Civil Society News, New Delhi

Published: Oct. 29, 2021
Updated: Nov. 26, 2021

MUCH store is being placed by online learning. Companies in the business of tutoring children are now being valued at billions of dollars. Word has been getting around that digitized learning is the way to bridge huge backlogs in education. But transforming the classroom through technology may not, however, be so easy.

In fact, going by experience, bringing in technology by itself will probably yield few benefits. Teachers are needed to use technology well and provide the human touch in the learning process.

There is also the possibility that clumsy attempts to push technology without adequate preparation may actually have the opposite effect by further weakening an already inadequate school system. It could result in widening of the gap between the rich and the poor who don’t have access to the required infrastructure or the resources to invest in devices.

Previous experiments show that for technology to deliver a better quality of education, it needs to be first espoused and comfortably used by the teacher.  

To find out more, we spoke to Dileep Ranjekar of the Azim Premji Foundation (APF), which introduced digital learning resources as an attempt to provide alternative learning experiences for schoolchildren 20 years ago with limited results. Edited excerpts from the interview:

 

The Azim Premji Foundation tried putting digitized lessons in government schools, but it didn’t seem to work out to satisfaction. What was the learning from that initiative?

To begin with, they were not digital lessons but “digital learning resources” (DLR) to provide a learning experience which was interactive and self-paced. This was initiated in 2000 and continued till 2007 in the 10 percent of government schools which already had computers.

We were continuously taking stock of the effectiveness with which these schools were using the DLR. In 2007, we took stock of the programme through an external agency and got it well-researched for outcomes in four or five states. What we found was that in terms of learning there was no difference between the schools that had our digitized resources and those that did not.

There were some exceptions where there was a perceptible improvement in learning. But we found it was because teachers had actually understood the digital content and they were choosing to use it to supplement their pedagogy. Among the gains from the programme were better attendance and enrolment. There was community support and we found children being shifted from private schools to government schools.

So for the three important goals of enrolment, attendance and quality of learning, there were some positive results for two, but not for the third, barring exceptional cases.

The research revealed that 57 percent of the schools couldn’t use their computers either due to lack of electricity or maintenance issues with computers including simple things like a CD getting stuck in the computer.

By 2007, the focus of school education had shifted from attendance and enrolment to quality of learning. So we decided to probe further. Was the problem with the content of the DLR or the way it was getting deployed? Those were years when CDs were still in use and internet penetration was almost non-existent in schools.

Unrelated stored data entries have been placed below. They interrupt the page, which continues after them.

lemma rpow_abs_power_diff_mult:
  fixes l u v b :: real
  assumes "l > 0" "b > 0"
  shows "rpow \<bar>(l * u) ^ a - (l * v) ^ a\<bar> b = l powr (a * b) * rpow \<bar>u ^ a - v ^ a\<bar> b"
proof -
  have "\<bar>(l * u) ^ a - (l * v) ^ a\<bar> = l ^ a * \<bar>u ^ a - v ^ a\<bar>"
    using assms by (simp add: power_mult_distrib abs_mult right_diff_distrib[symmetric])
  moreover have "(l ^ a) powr b = l powr (a * b)"
    using assms by (simp add: powr_realpow[symmetric] powr_powr del: powr_realpow)
  ultimately show ?thesis
    using assms by (simp add: rpow_def powr_mult)
qed

lemma rpow_abs_mult: "l > 0 \<Longrightarrow> rpow \<bar>l * u\<bar> c = l powr c * rpow \<bar>u\<bar> c"
  by (cases "c = 0") (auto simp: rpow_def abs_mult powr_mult)

lemma f_abc_scale_ge:
  fixes l b c :: real
  assumes l: "0 < l" "l \<le> 1" and b: "b > 0"
  shows "l powr (n * (a * b * n + c)) * f_abc a b c n x \<le> f_abc a b c n (\<lambda>i. l * x i)"
proof -
  define k where "k = l powr (a * b)"
  have k: "0 \<le> k" "k \<le> 1"
    using l b by (auto simp: k_def intro: powr_le1)
  define P where "P i j = rpow \<bar>x i ^ a - x j ^ a\<bar> b" for i j
  have row: "k ^ n * (\<Prod>j\<in>{i<..<n}. P i j) \<le> (\<Prod>j\<in>{i<..<n}. rpow \<bar>(l * x i) ^ a - (l * x j) ^ a\<bar> b)" for i
  proof -
    have "(\<Prod>j\<in>{i<..<n}. rpow \<bar>(l * x i) ^ a - (l * x j) ^ a\<bar> b) = k ^ card {i<..<n} * (\<Prod>j\<in>{i<..<n}. P i j)"
      unfolding P_def k_def using l b by (simp add: rpow_abs_power_diff_mult prod.distrib)
    moreover have "k ^ n \<le> k ^ card {i<..<n}"
      using k by (intro power_decreasing) auto
    ultimately show ?thesis
      by (simp add: P_def mult_right_mono prod_nonneg)
  qed
  have "(k ^ n) ^ n * (\<Prod>i<n. \<Prod>j\<in>{i<..<n}. P i j) = (\<Prod>i<n. k ^ n * (\<Prod>j\<in>{i<..<n}. P i j))"
    by (simp add: prod.distrib)
  also have "\<dots> \<le> (\<Prod>i<n. \<Prod>j\<in>{i<..<n}. rpow \<bar>(l * x i) ^ a - (l * x j) ^ a\<bar> b)"
    using k by (intro prod_mono conjI row) (auto simp: P_def intro!: prod_nonneg mult_nonneg_nonneg)
  finally have pairs: "(k ^ n) ^ n * (\<Prod>i<n. \<Prod>j\<in>{i<..<n}. P i j)
      \<le> (\<Prod>i<n. \<Prod>j\<in>{i<..<n}. rpow \<bar>(l * x i) ^ a - (l * x j) ^ a\<bar> b)" .
  have diag: "(\<Prod>i<n. rpow \<bar>l * x i\<bar> c) = (l powr c) ^ n * (\<Prod>i<n. rpow \<bar>x i\<bar> c)"
    using l by (simp add: rpow_abs_mult prod.distrib)
  have "l powr (n * (a * b * n + c)) = (k ^ n) ^ n * (l powr c) ^ n"
    using l by (simp add: k_def powr_realpow[symmetric] powr_powr powr_add[symmetric]
        algebra_simps del: powr_realpow)
  then have "l powr (n * (a * b * n + c)) * f_abc a b c n x
      = ((k ^ n) ^ n * (\<Prod>i<n. \<Prod>j\<in>{i<..<n}. P i j)) * ((l powr c) ^ n * (\<Prod>i<n. rpow \<bar>x i\<bar> c))"
    by (simp add: f_abc_def P_def mult_ac)
  also have "\<dots> \<le> f_abc a b c n (\<lambda>i. l * x i)"
    unfolding f_abc_def diag[symmetric]
    by (intro mult_right_mono pairs) (auto intro!: prod_nonneg)
  finally show ?thesis .
qed

lemma Z_beta_scale_ge:
  fixes q b c p \<beta> :: real
  assumes q: "0 < q" "q \<le> 1" and b: "b > 0" and p: "p > 0"
  shows "ennreal (q powr (n * (1 + a * b * n + c) / p)) * Z_beta a b c p (q * \<beta>) n \<le> Z_beta a b c p \<beta> n"
proof -
  define l where "l = q powr (1 / p)"
  have l: "0 < l" "l \<le> 1"
    using q p by (auto simp: l_def intro: powr_le1)
  have lp: "l powr p = q"
    using q p by (simp add: l_def powr_powr)
  define g where "g \<beta>' x = ennreal (exp (-\<beta>' * (\<Sum>i<n. \<bar>x i\<bar> powr p)) * f_abc a b c n x)" for \<beta>' x
  have g_meas [measurable]: "g \<beta>' \<in> borel_measurable (PiM {..<n} (\<lambda>_. lborel))" for \<beta>'
    unfolding g_def by measurable
  have pointwise: "ennreal (l powr (n * (a * b * n + c))) * g (q * \<beta>) x \<le> g \<beta> (\<lambda>i\<in>{..<n}. l * x i)" for x
  proof -
    define E where "E = exp (- \<beta> * (q * (\<Sum>i<n. \<bar>x i\<bar> powr p)))"
    have "(\<Sum>i<n. \<bar>(\<lambda>i\<in>{..<n}. l * x i) i\<bar> powr p) = q * (\<Sum>i<n. \<bar>x i\<bar> powr p)"
      using l by (simp add: abs_mult powr_mult lp sum_distrib_left)
    moreover have "f_abc a b c n (\<lambda>i\<in>{..<n}. l * x i) = f_abc a b c n (\<lambda>i. l * x i)"
      by (rule f_abc_cong) simp
    ultimately have "g \<beta> (\<lambda>i\<in>{..<n}. l * x i) = ennreal (E * f_abc a b c n (\<lambda>i. l * x i))"
      by (simp add: g_def E_def)
    moreover have "g (q * \<beta>) x = ennreal (E * f_abc a b c n x)"
      by (simp add: g_def E_def mult_ac)
    moreover have "l powr (n * (a * b * n + c)) * (E * f_abc a b c n x) \<le> E * f_abc a b c n (\<lambda>i. l * x i)"
      using mult_left_mono[OF f_abc_scale_ge[OF l b, of n a c x], of E]
      by (simp add: E_def mult.left_commute)
    ultimately show ?thesis
      by (simp add: ennreal_mult[symmetric] f_abc_nonneg E_def ennreal_leI del: ennreal_mult')
  qed
  have "q powr (n * (1 + a * b * n + c) / p) = l ^ n * l powr (n * (a * b * n + c))"
    using l by (simp add: l_def powr_realpow[symmetric] powr_powr powr_add[symmetric] algebra_simps
        add_divide_distrib del: powr_realpow)
  then have "ennreal (q powr (n * (1 + a * b * n + c) / p)) * Z_beta a b c p (q * \<beta>) n
      = ennreal (l ^ n) * (ennreal (l powr (n * (a * b * n + c))) * Z_beta a b c p (q * \<beta>) n)"
    using l by (simp add: ennreal_mult mult.assoc)
  also have "\<dots> = ennreal (l ^ n) * (\<integral>\<^sup>+x. ennreal (l powr (n * (a * b * n + c))) * g (q * \<beta>) x \<partial>PiM {..<n} (\<lambda>_. lborel))"
    by (simp add: Z_beta_def g_def nn_integral_cmult)
  also have "\<dots> \<le> ennreal (l ^ n) * (\<integral>\<^sup>+x. g \<beta> (\<lambda>i\<in>{..<n}. l * x i) \<partial>PiM {..<n} (\<lambda>_. lborel))"
    by (intro mult_left_mono nn_integral_mono pointwise) auto
  also have "\<dots> = Z_beta a b c p \<beta> n"
    using nn_integral_PiM_lborel_scale[of "{..<n}" l "g \<beta>"] l by (simp add: Z_beta_def g_def)
  finally show ?thesis .
qed

section \<open>Adding a coordinate\<close>

lemma nn_integral_powr_minus_half_01:
  "(\<integral>\<^sup>+s. ennreal (indicator {0..1} s * s powr (-1/2)) \<partial>lborel) = 2"
proof -
  have "((\<lambda>s::real. s powr (-1/2)) has_integral 2) {0..1}"
    using has_integral_powr_from_0[of "-1/2" 1] by simp
  moreover have "(\<lambda>s::real. indicator {0..1} s * s powr (-1/2)) = (\<lambda>s. if s \<in> {0..1} then s powr (-1/2) else 0)"
    by (auto simp: indicator_def)
  ultimately have "((\<lambda>s::real. indicator {0..1} s * s powr (-1/2)) has_integral 2) UNIV"
    by (simp only: has_integral_restrict_UNIV)
  then show ?thesis
    by (subst nn_integral_has_integral_lborel) (auto simp: indicator_def)
qed

lemma nn_integral_abs_powr_minus_half_le:
  "(\<integral>\<^sup>+s. ennreal (indicator {-1..1} s * \<bar>s\<bar> powr (-1/2)) \<partial>lborel) \<le> 4"
proof -
  let ?h = "\<lambda>s::real. ennreal (indicator {0..1} s * s powr (-1/2))"
  have "(\<integral>\<^sup>+s. ennreal (indicator {-1..1} s * \<bar>s\<bar> powr (-1/2)) \<partial>lborel)
      \<le> (\<integral>\<^sup>+s. ?h s + ?h (-s) \<partial>lborel)"
    by (intro nn_integral_mono)
      (auto simp: indicator_def ennreal_plus[symmetric] simp del: ennreal_plus)
  also have "\<dots> = (\<integral>\<^sup>+s. ?h s \<partial>lborel) + (\<integral>\<^sup>+s. ?h (-s) \<partial>lborel)"
    by (rule nn_integral_add) auto
  also have "(\<integral>\<^sup>+s. ?h (-s) \<partial>lborel) = (\<integral>\<^sup>+s. ?h s \<partial>lborel)"
    using nn_integral_real_affine[of ?h "-1" 0] by simp
  finally show ?thesis
    unfolding nn_integral_powr_minus_half_01 by simp
qed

To understand the real issues, we decided to do further research for a period of about two and a half years in three states: Odisha, Puducherry and Chhattisgarh. We said in some schools we would have no intervention. In some others we would focus on capacity building of teachers. And in a third category of schools we undertook both capacity building of teachers as well as letting them choose whatever digital learning resources they wanted to use as part of their teaching-learning.

Obviously, after two and a half years, the winner was the third category in which the capacity of teachers was enhanced and the technology they used was an integral part of their pedagogy.

So, the findings were very clear that the teacher is the pivot. The teacher’s capacity and understanding of what is education and how it should be carried out to get the best results with the children is the most critical issue. And unless the teachers integrated technology as an integral part of their pedagogical process, technology alone would not work.

One problem of the digital learning resources used by government schools was that teachers were not fully involved. There was a room, there was a computer and the classroom bell would ring and that period was a computer-aided learning class. But that was it. The teachers almost used it as relief for themselves.

 

How many states came on board for the computer-aided learning programme?

Eighteen states came on board as the DLR was available in as many as 21 different languages, including four tribal languages. Many of them were Hindi-speaking states. We had initially done a pilot in Mandya and Kolar districts of Karnataka. The government liked what it saw in the pilot and asked the Foundation to help implement the programme in over 500 schools across the state that already had computers.

We did not ask a single state to buy computers. The programme was for those government schools that already had computers but did not know what to do with them. Because, as far as we were concerned, it was not just about technology or computers but about an alternative experience of learning.

Much effort went into developing the DLR through visuals and storytelling so as to attract children. We must have invested around $2 million in the programme.

 

That was in 2007. We are now in 2021. Is the teacher better equipped to use digital learning tools today?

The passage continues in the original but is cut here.